Show and Tell: Marigolds

Posted by: lynn | Comments (1)

Mel over at Stirrup Queens and Sperm Palace Jesters puts up a “Show and Tell” challenge for bloggers.  I thought it would be fun to play this week. Click on over to read others who are playing, and to join in.

These are my marigolds, the ones that have survived.

marigolds

I did not grow up with green thumbed parents. In fact, the only plant I know for sure my mom kept alive was a silk plant she mistook for real and watered diligently every week. Gardens would wither and die. Houseplants would turn yellow from overwatering.

Our neighbor Marie was a natural-born gardener. From Belgium, she grew up with her hands in the soil. Even in Colorado’s clay, she could create masses of summer color that added distinctive charm to our tract-housing suburban cul de sac. I most remember her marigolds, the vibrant yellows and oranges and reds. Their spicy aroma tempted me to pluck the heads from spindly stems and put them in my mouth.

I’ve always wanted a garden like hers. I’ve tried. I’ve taken xeriscape classes to learn how to work with the drought-tolerant plants that survive best in our high desert landscape here in Denver. I’ve visited the Denver Botanic Gardens and quizzed the master gardeners about why my roses get blighted, why my hydrangea never blooms. I’m a miserable failure 50 percent of the time, and the other half I’m only partially successful in keeping things alive.
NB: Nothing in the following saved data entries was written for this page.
(* Let $\epsilon\ge0$. Let $Z$ be a feasible point of the SDP relaxation described in the context, with first-row data $(z_+,z_-,\rho)$, and let $(x_+^{Q},x_-^{Q},r^{Q})$ be its reconstruction, i.e. $x_\pm^{Q}=z_\pm$ and $r^{Q}=\max\{r\in[0,1]: (A_\delta z_+ + A_\delta z_- + b_\delta)\,r + A_c z_+ - A_c z_- - b_c\le 0\}$. If $(x_+^{Q},x_-^{Q})$ is weakly $\epsilon$-efficient for the LP of robustness level $r^{Q}$, then $(x_+^{Q},x_-^{Q},r^{Q})$ is weakly $\epsilon$-efficient for the QCQP.
   Context: Let $k,m,n\in\mathbb{N}$. Let $A_c,A_\delta\in\mathbb{R}^{m\times n}$ with $A_\delta\ge 0$ entrywise, $b_c,b_\delta\in\mathbb{R}^m$ with $b_\delta\ge0$, $G\in\mathbb{R}^{k\times n}$, and $\ell,u\in\mathbb{R}^n$ with $\ell\le u$. All vector inequalities are componentwise. QCQP: variables $x_+,x_-\in\mathbb{R}^n_{\ge0}$, $r\in[0,1]$, subject to $A_cx_+-A_cx_-+rA_\delta x_++rA_\delta x_-+rb_\delta-b_c\le0$ and $\ell\le x_+-x_-\le u$; vector objective $F(x_+,x_-,r)=(G(x_+-x_-),-r)\in\mathbb{R}^{k+1}$, minimized in the Pareto sense. LP of robustness level $r$ (for fixed $r\in[0,1]$): variables $x_+,x_-\in\mathbb{R}^n_{\ge0}$, subject to $(A_c+rA_\delta)x_+-(A_c-rA_\delta)x_-\le b_c-rb_\delta$ and $\ell\le x_+-x_-\le u$; vector objective $G(x_+-x_-)\in\mathbb{R}^k$, minimized in the Pareto sense. SDP relaxation: variable a symmetric positive semidefinite matrix $Z$ of size $(2n+2)\times(2n+2)$ written in block form with row/column blocks of sizes $1,n,n,1$: $Z=\begin{pmatrix} Z_{00} & z_+^T & z_-^T & \rho\\ z_+ & * & * & w_+\\ z_- & * & * & w_-\\ \rho & w_+^T & w_-^T & \sigma\end{pmatrix}$, with $z_\pm,w_\pm\in\mathbb{R}^n$, $\rho,\sigma\in\mathbb{R}$. Constraints: $Z_{00}=1$; $A_cz_+-A_cz_-+A_\delta(w_++w_-)+\rho\, b_\delta-b_c\le0$; $\ell\le z_+-z_-\le u$; $z_+,z_-\ge0$, $\rho\ge0$, $w_+,w_-\ge0$; $\sigma\le1$. Vector objective $(G(z_+-z_-),-\rho)\in\mathbb{R}^{k+1}$, minimized in the Pareto sense. Efficiency (for minimizing a vector function $f$ over a feasible set $\mathcal{X}$): $x^*\in\mathcal{X}$ is efficient if there is no $x\in\mathcal{X}$ with $f(x)\le f(x^* )$ and $f(x)\ne f(x^* )$; weakly efficient if there is no $x\in\mathcal{X}$ with $f(x)<f(x^* )$ (all components strict); strictly efficient if there is no $x\in\mathcal{X}$, $x\neq x^*$, with $f(x)\le f(x^* )$. For $\epsilon\ge0$, $x^*$ is weakly $\epsilon$-efficient if there is no $x\in\mathcal{X}$ with $f(x)<f(x^* )-\epsilon\mathbb{1}$, where $\mathbb{1}$ is the all-ones vector. *)

theory Defs
  imports "HOL-Analysis.Analysis"
begin

definition weakly_eps_efficient :: "('x \<Rightarrow> real^'i) \<Rightarrow> 'x set \<Rightarrow> real \<Rightarrow> 'x \<Rightarrow> bool" where
  "weakly_eps_efficient f X eps xs \<longleftrightarrow>
     xs \<in> X \<and> \<not> (\<exists>x\<in>X. \<forall>i. f x $ i < f xs $ i - eps)"

definition qcqp_feasible ::
  "real^'n^'m \<Rightarrow> real^'n^'m \<Rightarrow> real^'m \<Rightarrow> real^'m \<Rightarrow> real^'n \<Rightarrow> real^'n
   \<Rightarrow> ((real^'n) \<times> (real^'n) \<times> real) set" where
  "qcqp_feasible Ac Ad bc bd l u =
     {(xp, xm, r). (\<forall>i. 0 \<le> xp $ i) \<and> (\<forall>i. 0 \<le> xm $ i) \<and> 0 \<le> r \<and> r \<le> 1 \<and>
        (\<forall>j. (Ac *v xp - Ac *v xm + r *\<^sub>R (Ad *v xp) + r *\<^sub>R (Ad *v xm) + r *\<^sub>R bd - bc) $ j \<le> 0) \<and>
        (\<forall>i. l $ i \<le> (xp - xm) $ i \<and> (xp - xm) $ i \<le> u $ i)}"

definition qcqp_obj :: "real^'n^'k \<Rightarrow> (real^'n) \<times> (real^'n) \<times> real \<Rightarrow> real^('k option)" where
  "qcqp_obj G p = (case p of (xp, xm, r) \<Rightarrow>
     (\<chi> j. case j of None \<Rightarrow> - r | Some i \<Rightarrow> (G *v (xp - xm)) $ i))"

definition lp_feasible ::
  "real^'n^'m \<Rightarrow> real^'n^'m \<Rightarrow> real^'m \<Rightarrow> real^'m \<Rightarrow> real^'n \<Rightarrow> real^'n \<Rightarrow> real
   \<Rightarrow> ((real^'n) \<times> (real^'n)) set" where
  "lp_feasible Ac Ad bc bd l u r =
     {(xp, xm). (\<forall>i. 0 \<le> xp $ i) \<and> (\<forall>i. 0 \<le> xm $ i) \<and>
        (\<forall>j. ((Ac + r *\<^sub>R Ad) *v xp - (Ac - r *\<^sub>R Ad) *v xm) $ j \<le> (bc - r *\<^sub>R bd) $ j) \<and>
        (\<forall>i. l $ i \<le> (xp - xm) $ i \<and> (xp - xm) $ i \<le> u $ i)}"

definition lp_obj :: "real^'n^'k \<Rightarrow> (real^'n) \<times> (real^'n) \<Rightarrow> real^'k" where
  "lp_obj G p = (case p of (xp, xm) \<Rightarrow> G *v (xp - xm))"

text \<open>Index type for the (2n+2)x(2n+2) SDP matrix, blocks of sizes 1, n, n, 1.\<close>
datatype 'n blk = B0 | BP 'n | BM 'n | BS

lemma UNIV_blk: "(UNIV :: 'n blk set) = {B0, BS} \<union> range BP \<union> range BM"
  by (auto intro: blk.exhaust)

instance blk :: (finite) finite
  by standard (simp add: UNIV_blk)

definition psd :: "real^'a^'a \<Rightarrow> bool" where
  "psd Z \<longleftrightarrow> transpose Z = Z \<and> (\<forall>v. 0 \<le> v \<bullet> (Z *v v))"

definition sdp_zp :: "real^('n::finite blk)^('n blk) \<Rightarrow> real^'n" where
  "sdp_zp Z = (\<chi> i. Z $ B0 $ BP i)"
definition sdp_zm :: "real^('n::finite blk)^('n blk) \<Rightarrow> real^'n" where
  "sdp_zm Z = (\<chi> i. Z $ B0 $ BM i)"
definition sdp_wp :: "real^('n::finite blk)^('n blk) \<Rightarrow> real^'n" where
  "sdp_wp Z = (\<chi> i. Z $ BP i $ BS)"
definition sdp_wm :: "real^('n::finite blk)^('n blk) \<Rightarrow> real^'n" where
  "sdp_wm Z = (\<chi> i. Z $ BM i $ BS)"
definition sdp_rho :: "real^('n::finite blk)^('n blk) \<Rightarrow> real" where
  "sdp_rho Z = Z $ B0 $ BS"
definition sdp_sigma :: "real^('n::finite blk)^('n blk) \<Rightarrow> real" where
  "sdp_sigma Z = Z $ BS $ BS"

definition sdp_feasible ::
  "real^'n^'m \<Rightarrow> real^'n^'m \<Rightarrow> real^'m \<Rightarrow> real^'m \<Rightarrow> real^'n \<Rightarrow> real^'n
   \<Rightarrow> real^('n::finite blk)^('n blk) \<Rightarrow> bool" where
  "sdp_feasible Ac Ad bc bd l u Z \<longleftrightarrow>
     psd Z \<and> Z $ B0 $ B0 = 1 \<and>
     (\<forall>j. (Ac *v sdp_zp Z - Ac *v sdp_zm Z + Ad *v (sdp_wp Z + sdp_wm Z)
            + sdp_rho Z *\<^sub>R bd - bc) $ j \<le> 0) \<and>
     (\<forall>i. l $ i \<le> (sdp_zp Z - sdp_zm Z) $ i \<and> (sdp_zp Z - sdp_zm Z) $ i \<le> u $ i) \<and>
     (\<forall>i. 0 \<le> sdp_zp Z $ i) \<and> (\<forall>i. 0 \<le> sdp_zm Z $ i) \<and> 0 \<le> sdp_rho Z \<and>
     (\<forall>i. 0 \<le> sdp_wp Z $ i) \<and> (\<forall>i. 0 \<le> sdp_wm Z $ i) \<and> sdp_sigma Z \<le> 1"

definition reconstruct_r ::
  "real^'n^'m \<Rightarrow> real^'n^'m \<Rightarrow> real^'m \<Rightarrow> real^'m \<Rightarrow> real^'n \<Rightarrow> real^'n \<Rightarrow> real" where
  "reconstruct_r Ac Ad bc bd zp zm =
     (GREATEST r. 0 \<le> r \<and> r \<le> 1 \<and>
        (\<forall>j. (r *\<^sub>R (Ad *v zp + Ad *v zm + bd) + Ac *v zp - Ac *v zm - bc) $ j \<le> 0))"

end

theory Submission
  imports Defs
begin

text \<open>The reconstructed level \<open>r\<^sup>Q\<close> is a genuine maximum: the admissible levels form a
  closed subset of \<open>[0,1]\<close> containing \<open>0\<close>, by the SDP constraint with the nonnegative terms
  \<open>A\<^sub>\<delta>(w\<^sub>+ + w\<^sub>-)\<close> and \<open>\<rho> b\<^sub>\<delta>\<close> dropped. At any QCQP point that improves on \<open>(z\<^sub>+, z\<^sub>-, r\<^sup>Q)\<close> by
  more than \<open>\<epsilon>\<close> in every objective, the level exceeds \<open>r\<^sup>Q\<close>; since the robust constraint is
  monotone in the level (its \<open>r\<close>-coefficient \<open>A\<^sub>\<delta>x\<^sub>+ + A\<^sub>\<delta>x\<^sub>- + b\<^sub>\<delta>\<close> is nonnegative), the point is
  then feasible for the LP of level \<open>r\<^sup>Q\<close> and improves on \<open>(z\<^sub>+, z\<^sub>-)\<close> there.\<close>

lemma matrix_vector_mult_nonneg:
  fixes A :: "real^'n^'m" and x :: "real^'n"
  assumes "\<forall>j i. 0 \<le> A $ j $ i" and "\<forall>i. 0 \<le> x $ i"
  shows "0 \<le> (A *v x) $ j"
  using assms by (auto simp: matrix_vector_mult_def intro!: sum_nonneg)

lemma Greatest_closed_bdd_above:
  fixes P :: "real \<Rightarrow> bool"
  assumes "closed {r. P r}" and "bdd_above {r. P r}" and "P x"
  shows "P (GREATEST r. P r)"
proof -
  have "Sup {r. P r} \<in> {r. P r}"
    using closed_contains_Sup[OF _ assms(2,1)] assms(3) by blast
  moreover have "r \<le> Sup {r. P r}" if "P r" for r
    using cSup_upper[OF _ assms(2)] that by blast
  ultimately have "(GREATEST r. P r) = Sup {r. P r}"
    by (intro Greatest_equality) auto
  with \<open>Sup {r. P r} \<in> {r. P r}\<close> show ?thesis by simp
qed

lemma reconstruct_r_admissible:
  fixes Ac Ad :: "real^'n^'m" and bc bd :: "real^'m" and zp zm :: "real^'n"
  assumes "\<forall>j. (Ac *v zp - Ac *v zm - bc) $ j \<le> 0"
  defines "rQ \<equiv> reconstruct_r Ac Ad bc bd zp zm"
  shows "0 \<le> rQ \<and> rQ \<le> 1 \<and>
    (\<forall>j. (rQ *\<^sub>R (Ad *v zp + Ad *v zm + bd) + Ac *v zp - Ac *v zm - bc) $ j \<le> 0)"
  unfolding rQ_def reconstruct_r_def
proof (rule Greatest_closed_bdd_above[where x = 0])
  show "closed {r. 0 \<le> r \<and> r \<le> 1 \<and>
    (\<forall>j. (r *\<^sub>R (Ad *v zp + Ad *v zm + bd) + Ac *v zp - Ac *v zm - bc) $ j \<le> 0)}"
    by (intro closed_Collect_conj closed_Collect_all closed_Collect_le continuous_intros)
  show "bdd_above {r. 0 \<le> r \<and> r \<le> 1 \<and>
    (\<forall>j. (r *\<^sub>R (Ad *v zp + Ad *v zm + bd) + Ac *v zp - Ac *v zm - bc) $ j \<le> 0)}"
    by (auto intro: bdd_aboveI[where M = 1])
qed (use assms in simp)

lemma sdp_feasible_level_zero_admissible:
  assumes "\<forall>j i. 0 \<le> Ad $ j $ i" and "\<forall>j. 0 \<le> bd $ j"
    and "sdp_feasible Ac Ad bc bd l u Z"
  shows "\<forall>j. (Ac *v sdp_zp Z - Ac *v sdp_zm Z - bc) $ j \<le> 0"
proof
  fix j
  have "0 \<le> (Ad *v (sdp_wp Z + sdp_wm Z)) $ j"
    using assms(3) by (intro matrix_vector_mult_nonneg[OF assms(1)]) (auto simp: sdp_feasible_def)
  moreover have "0 \<le> sdp_rho Z * bd $ j"
    using assms(2,3) by (simp add: sdp_feasible_def)
  moreover have "(Ac *v sdp_zp Z - Ac *v sdp_zm Z + Ad *v (sdp_wp Z + sdp_wm Z)
      + sdp_rho Z *\<^sub>R bd - bc) $ j \<le> 0"
    using assms(3) by (simp add: sdp_feasible_def)
  ultimately show "(Ac *v sdp_zp Z - Ac *v sdp_zm Z - bc) $ j \<le> 0" by simp
qed

lemma lp_constraint_slack_eq:
  fixes Ac Ad :: "real^'n^'m"
  shows "(Ac + r *\<^sub>R Ad) *v xp - (Ac - r *\<^sub>R Ad) *v xm - (bc - r *\<^sub>R bd) =
    Ac *v xp - Ac *v xm - bc + r *\<^sub>R (Ad *v xp + Ad *v xm + bd)"
  by (simp add: matrix_vector_mult_add_rdistrib matrix_vector_mult_diff_rdistrib
      scaleR_matrix_vector_assoc[symmetric] scaleR_add_right)

lemma lp_feasible_iff:
  "(xp, xm) \<in> lp_feasible Ac Ad bc bd l u r \<longleftrightarrow>
     (\<forall>i. 0 \<le> xp $ i) \<and> (\<forall>i. 0 \<le> xm $ i) \<and>
     (\<forall>j. (Ac *v xp - Ac *v xm - bc + r *\<^sub>R (Ad *v xp + Ad *v xm + bd)) $ j \<le> 0) \<and>
     (\<forall>i. l $ i \<le> (xp - xm) $ i \<and> (xp - xm) $ i \<le> u $ i)"
proof -
  have "((Ac + r *\<^sub>R Ad) *v xp - (Ac - r *\<^sub>R Ad) *v xm) $ j \<le> (bc - r *\<^sub>R bd) $ j \<longleftrightarrow>
      (Ac *v xp - Ac *v xm - bc + r *\<^sub>R (Ad *v xp + Ad *v xm + bd)) $ j \<le> 0" for j
    by (metis diff_le_0_iff_le vector_minus_component lp_constraint_slack_eq)
  then show ?thesis
    unfolding lp_feasible_def by blast
qed

lemma qcqp_feasible_iff_lp_feasible:
  "(xp, xm, r) \<in> qcqp_feasible Ac Ad bc bd l u \<longleftrightarrow>
     0 \<le> r \<and> r \<le> 1 \<and> (xp, xm) \<in> lp_feasible Ac Ad bc bd l u r"
proof -
  have row: "Ac *v xp - Ac *v xm + r *\<^sub>R (Ad *v xp) + r *\<^sub>R (Ad *v xm) + r *\<^sub>R bd - bc =
      Ac *v xp - Ac *v xm - bc + r *\<^sub>R (Ad *v xp + Ad *v xm + bd)" for xp xm r
    by (simp add: scaleR_add_right)
  show ?thesis
    unfolding qcqp_feasible_def lp_feasible_iff row by auto
qed

lemma lp_feasible_antimono_level:
  fixes Ad :: "real^'n^'m"
  assumes "\<forall>j i. 0 \<le> Ad $ j $ i" and "\<forall>j. 0 \<le> bd $ j" and "r \<le> s"
    and "(xp, xm) \<in> lp_feasible Ac Ad bc bd l u s"
  shows "(xp, xm) \<in> lp_feasible Ac Ad bc bd l u r"
proof -
  have "0 \<le> (Ad *v xp + Ad *v xm + bd) $ j" for j
    using assms(4) matrix_vector_mult_nonneg[OF assms(1)] assms(2)
    by (auto simp: lp_feasible_iff intro!: add_nonneg_nonneg)
  then have "(c + r *\<^sub>R (Ad *v xp + Ad *v xm + bd)) $ j \<le> (c + s *\<^sub>R (Ad *v xp + Ad *v xm + bd)) $ j"
    for c j
    using assms(3) by (simp add: mult_right_mono)
  then show ?thesis
    using assms(4) unfolding lp_feasible_iff by (meson order_trans)
qed
lemma qcqp_obj_None [simp]: "qcqp_obj G (xp, xm, r) $ None = - r"
  by (simp add: qcqp_obj_def)

lemma qcqp_obj_Some [simp]: "qcqp_obj G (xp, xm, r) $ Some i = lp_obj G (xp, xm) $ i"
  by (simp add: qcqp_obj_def lp_obj_def)

lemma weakly_eps_efficient_qcqp_if_lp:
  assumes "\<forall>j i. 0 \<le> Ad $ j $ i" and "\<forall>j. 0 \<le> bd $ j" and "0 \<le> eps"
    and "0 \<le> r0" and "r0 \<le> 1"
    and lp_eff: "weakly_eps_efficient (lp_obj G) (lp_feasible Ac Ad bc bd l u r0) eps (zp, zm)"
  shows "weakly_eps_efficient (qcqp_obj G) (qcqp_feasible Ac Ad bc bd l u) eps (zp, zm, r0)"
  unfolding weakly_eps_efficient_def
proof (intro conjI notI)
  show "(zp, zm, r0) \<in> qcqp_feasible Ac Ad bc bd l u"
    using assms(4,5) lp_eff by (simp add: qcqp_feasible_iff_lp_feasible weakly_eps_efficient_def)
next
  assume "\<exists>x\<in>qcqp_feasible Ac Ad bc bd l u.
    \<forall>i. qcqp_obj G x $ i < qcqp_obj G (zp, zm, r0) $ i - eps"
  then obtain xp xm r where feas: "(xp, xm, r) \<in> qcqp_feasible Ac Ad bc bd l u"
    and better: "\<forall>i. qcqp_obj G (xp, xm, r) $ i < qcqp_obj G (zp, zm, r0) $ i - eps"
    by auto
  have "r0 \<le> r"
    using better[rule_format, of None] assms(3) by simp
  then have "(xp, xm) \<in> lp_feasible Ac Ad bc bd l u r0"
    using feas assms(1,2) by (auto simp: qcqp_feasible_iff_lp_feasible intro: lp_feasible_antimono_level)
  moreover have "\<forall>i. lp_obj G (xp, xm) $ i < lp_obj G (zp, zm) $ i - eps"
    using better by (metis qcqp_obj_Some)
  ultimately show False
    using lp_eff by (auto simp: weakly_eps_efficient_def)
qed

theorem mainTheorem2:
  fixes Ac Ad :: "real^'n^'m" and bc bd :: "real^'m" and G :: "real^'n^'k"
    and l u :: "real^'n" and eps :: real and Z :: "real^('n blk)^('n blk)"
  assumes "\<forall>j i. 0 \<le> Ad $ j $ i"
    and "\<forall>j. 0 \<le> bd $ j"
    and "\<forall>i. l $ i \<le> u $ i"
    and "0 \<le> eps"
    and "sdp_feasible Ac Ad bc bd l u Z"
    and "weakly_eps_efficient (lp_obj G)
           (lp_feasible Ac Ad bc bd l u (reconstruct_r Ac Ad bc bd (sdp_zp Z) (sdp_zm Z)))
           eps (sdp_zp Z, sdp_zm Z)"
  shows "weakly_eps_efficient (qcqp_obj G) (qcqp_feasible Ac Ad bc bd l u) eps
           (sdp_zp Z, sdp_zm Z, reconstruct_r Ac Ad bc bd (sdp_zp Z) (sdp_zm Z))"
proof -
  have "0 \<le> reconstruct_r Ac Ad bc bd (sdp_zp Z) (sdp_zm Z)
      \<and> reconstruct_r Ac Ad bc bd (sdp_zp Z) (sdp_zm Z) \<le> 1"
    using reconstruct_r_admissible[OF sdp_feasible_level_zero_admissible[OF assms(1,2,5)]]
    by blast
  then show ?thesis
    using weakly_eps_efficient_qcqp_if_lp[OF assms(1,2,4) _ _ assms(6)] by blast
qed

end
Part of the issue is a theme of my life: sticking to it. This summer, I planted 96 marigold plants. Most went into pots,and three dozen went into the ground. Our abnormally wet weather saved me–and the marigolds in the ground. Because for the past 6 weeks, I’ve mostly forgotten to water the potted flowers. When  I went out of town three weeks ago, I reminded Steve to water them for me, and I’m afraid they were goners by then.

I love the process of planning a garden. I love the process of planting. I just don’t love the upkeep of a garden–the watering, fertilizing, weeding. It’s not exhausting. I always seem to have better things to do. So my garden–succulent and vibrant in the beginning–is bedraggled by August. If I weren’t gardening mostly in pots, I’d put in a drip system on a timer, which has worked for me in the past. Or, maybe next summer I’ll pay a neighborhood kid (or maybe my own) to water my plants for me.

This weekend, I’ll toss all the dead flowers: bad feng shui to keep them around, and plain ugly. And I’ll say a little prayer to the goddess of all things growing to forgive me for slaughtering her beautiful children. And I’ll pledge to do better next year.